Aladin 10/29/2009 5:40:34 PM
If Lili is all slutty where can I join the que? I think she is rather yummy...for a fanta pants? Are you single Lili?
Yawn 10/29/2009 11:04:42 PM
Blah blah blah. Boring!
AJ 10/30/2009 8:54:37 AM
As a rule I dont support any celebrity product. I dont see how being famous for job A suddenly makes you an expert in various other 'areas' where you can 'launch ranges'. A 'celebrity' launches a fragrance that 'uniquely reflects herself', so why would other people want it then. To be honest I dont blame celebrities but the moron public that have no life of their own and have to live their idol's lives as much as they can that irritates me. At what point do they sell their soul to someone they dont even know. Madness.
AJ @ SarchasmCasm 11/2/2009 7:27:59 AM
The bigger question is why were you 'loving' someone who wouldn't know you or piss on you if you were on fire, in the first place?
earthmother 11/2/2009 6:26:55 PM
What the hell is wrong with Andrew? Why would he make such an awful comment that has absolutely no bearing on your humorous and topical article? Did he perhaps try his luck with you and got thrown out?
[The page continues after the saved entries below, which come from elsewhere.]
(* The condition |u/v - \<mu>\<^sub>i| \<ge> \<eta> multiplied by v, which makes it closed and invariant
   under scaling of x. *)
definition ratio_separated :: "(nat \<Rightarrow> real) \<Rightarrow> nat \<Rightarrow> real \<Rightarrow> (nat \<Rightarrow> real) \<Rightarrow> bool" where
  "ratio_separated lam n \<eta> x \<longleftrightarrow>
     (\<forall>i\<in>{1..n}. \<eta> * sqnm lam (2*n) x \<le> \<bar>sqn (2*n) x - lam (2*i) * sqnm lam (2*n) x\<bar>)"

lemma ratio_separatedI:
  assumes "sqnm lam (2*n) x > 0"
    and "\<forall>i\<in>{1..n}. \<eta> \<le> \<bar>sqn (2*n) x / sqnm lam (2*n) x - lam (2*i)\<bar>"
  shows "ratio_separated lam n \<eta> x"
  unfolding ratio_separated_def
proof
  fix i assume "i \<in> {1..n}"
  let ?v = "sqnm lam (2*n) x"
  have "\<eta> * ?v \<le> \<bar>sqn (2*n) x / ?v - lam (2*i)\<bar> * ?v"
    using assms \<open>i \<in> {1..n}\<close> by (simp add: mult_right_mono)
  also have "\<dots> = \<bar>sqn (2*n) x - lam (2*i) * ?v\<bar>"
  proof -
    have "sqn (2*n) x - lam (2*i) * ?v = (sqn (2*n) x / ?v - lam (2*i)) * ?v"
      using assms(1) by (simp add: field_simps)
    then show ?thesis using assms(1) by (simp add: abs_mult)
  qed
  finally show "\<eta> * ?v \<le> \<bar>sqn (2*n) x - lam (2*i) * ?v\<bar>" .
qed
AgreeWithAndrew 11/3/2009 8:46:58 AM
I agree with Andrew. As if Avril gives a flying fuck about Lilly. And I am sure she has a lot of fashion or big name brands too. Then again, I will jump her anyday.
AgreeWithAndrew 11/3/2009 9:01:13 AM
Sorry, I have been rude, Lili. And I promise not to mention firecrotch ever again! Please forgive me. And it is a nice article too. Just like you.
Dari 11/3/2009 12:24:36 PM
Actually, Black Star smells pretty decent compared to some of the other celebrity-endorsed crap out there. Plus Avril has been a much more decently-behaved celebrity (to date) than a lot of other ones.